What to do about WannaCry if you’re infected or if you’re not
- 16 May, 2017 02:46
Today is likely to be painful for many organizations all over the world that took the weekend off and are returning to the work-week to find hundreds or thousands of computers on their networks encrypted by WannaCry ransomware, which surfaced Friday and has been propagating ever since.
Estimates by law enforcement agency Europol estimated yesterday that more than 200,000 computers in 150 countries were infected, but with the worm continuing to spread to vulnerable Windows machines, that number will surely rise.
For those whose machines have not been infected, here’s what you need to do right away:
- Apply the Microsoft patch that will thwart the attack. It’s available here.
- If you can’t do that because you haven’t tested whether the patch will affect your software build, disable Server Message Block 1 (SMB1) network file sharing. That’s where the flaw is that it attacks.
- Consider closing firewall port 139, 445 or both because these are the ports SMB uses.
Longer term, to guard against similar future attacks you should:
- Consider segmenting networks so if an infection gets in, its spread can be restricted.

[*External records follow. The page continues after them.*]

definition atomic_event :: "'a set \<Rightarrow> ('a \<Rightarrow> real) \<Rightarrow> bool" where
  "atomic_event X e \<longleftrightarrow>
     (\<forall>J b K. obs_test X J b \<and> K \<subseteq> J \<and> (\<forall>x\<in>X. (\<Sum>k\<in>K. b k x) = e x)
        \<longrightarrow> (\<forall>k\<in>K. \<exists>c::real. \<forall>x\<in>X. b k x = c * e x))"

definition atomic_obs_test :: "'a set \<Rightarrow> nat set \<Rightarrow> (nat \<Rightarrow> 'a \<Rightarrow> real) \<Rightarrow> bool" where
  "atomic_obs_test X J a \<longleftrightarrow> obs_test X J a \<and> (\<forall>j\<in>J. atomic_event X (a j))"

text \<open>Decomposition sigma = sum over i in I of p i * |phi i) into (normalized) pure states.\<close>
definition pure_decomp ::
  "'a set \<Rightarrow> ('a \<Rightarrow> real) \<Rightarrow> nat set \<Rightarrow> (nat \<Rightarrow> real) \<Rightarrow> (nat \<Rightarrow> 'a) \<Rightarrow> bool" where
  "pure_decomp X \<sigma> I p \<phi> \<longleftrightarrow> finite I \<and> (\<forall>i\<in>I. p i \<ge> 0 \<and> \<phi> i \<in> X)
      \<and> (\<Sum>i\<in>I. p i) = 1 \<and> (\<forall>x\<in>X. \<sigma> x = (\<Sum>i\<in>{i\<in>I. \<phi> i = x}. p i))"

text \<open>Mutual information H(I:J) for q(i,j) = p i * (a j | phi i) = p i * a j (phi i).\<close>
definition mutual_info ::
  "nat set \<Rightarrow> (nat \<Rightarrow> real) \<Rightarrow> (nat \<Rightarrow> 'a) \<Rightarrow> nat set \<Rightarrow> (nat \<Rightarrow> 'a \<Rightarrow> real) \<Rightarrow> real" where
  "mutual_info I p \<phi> J a =
     shannon I p + shannon J (\<lambda>j. \<Sum>i\<in>I. p i * a j (\<phi> i))
     - shannon (I \<times> J) (\<lambda>(i, j). p i * a j (\<phi> i))"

- Set up programs to patch as quickly as possible.
For those already infected:
- Go to your backups, wipe affected machines and rebuild them, making sure you patch them before putting them online.
- Consider paying the ransom, depending on how important the encrypted data is. It’s a judgement call.
Here are some questions and answers about WannaCry:
Who is doing this?
So far nobody knows, but it could be anyone who took advantage of vulnerabilities discovered by the NSA and released publicly along with an attack that exploits it known as ETERNALBLUE.
What do they want?
Money, or more precisely, $300 worth of Bitcoin.
How successful are they?
If measured by machines infected and geographic range, pretty successful: 200,000 machines in 150 countries. If measured by ransom collected, not so successful: $26,000 total.
Why is it so successful?
Rather than relying solely on users clicking on malicious attachments or links, WannaCry can slip in without user action, then use the infected machine to spread the ransomware further. This has led some to call it a ransomworm. There are also reports of phishing attacks to get it started.
Is there a way to stop it?
WannaCry has a kill switch so the people behind it can stop its spread if they want to. The switch is an unregistered domain and so long as it remains unregistered, the infection will keep trying to spread. If the worm successfully connects to the domain, meaning it has become registered, then it stops trying to spread.
Great! Why not register the domain?
One researcher has but the attackers created a new WannaCry version that uses a different domain for the kill switch. So the malware is being actively monitored and maintained.
So will it be around forever?
Yes, probably, but it will decline in its effectiveness. “It will persist for some time because there are thousands of vulnerable internet-connected systems,” according to a Splunk spokesperson. “Also, there may be copycat attacks that are proxy-aware or don't rely on hard-coded domain name checks.”
What machines are vulnerable?
A range of Windows client machines from Windows Vista through 10 to and Windows Server 2008, 2012 and 2016. The complete list for which there are Microsoft patches are here.
What’s with the NSA, hoarding a vulnerability like this?
They do this routinely and use the vulnerabilities and exploits they create to get into computer systems for intelligence purposes. The agency got compromised somehow and a group called Shadow Brokers has been posting the exploits online. This one was posted after Microsoft had issued a patch for it.
What does Microsoft think about that?
It is not happy. "This attack provides yet another example of why the stockpiling of vulnerabilities by governments is such a problem," says Microsoft President Brad Smith.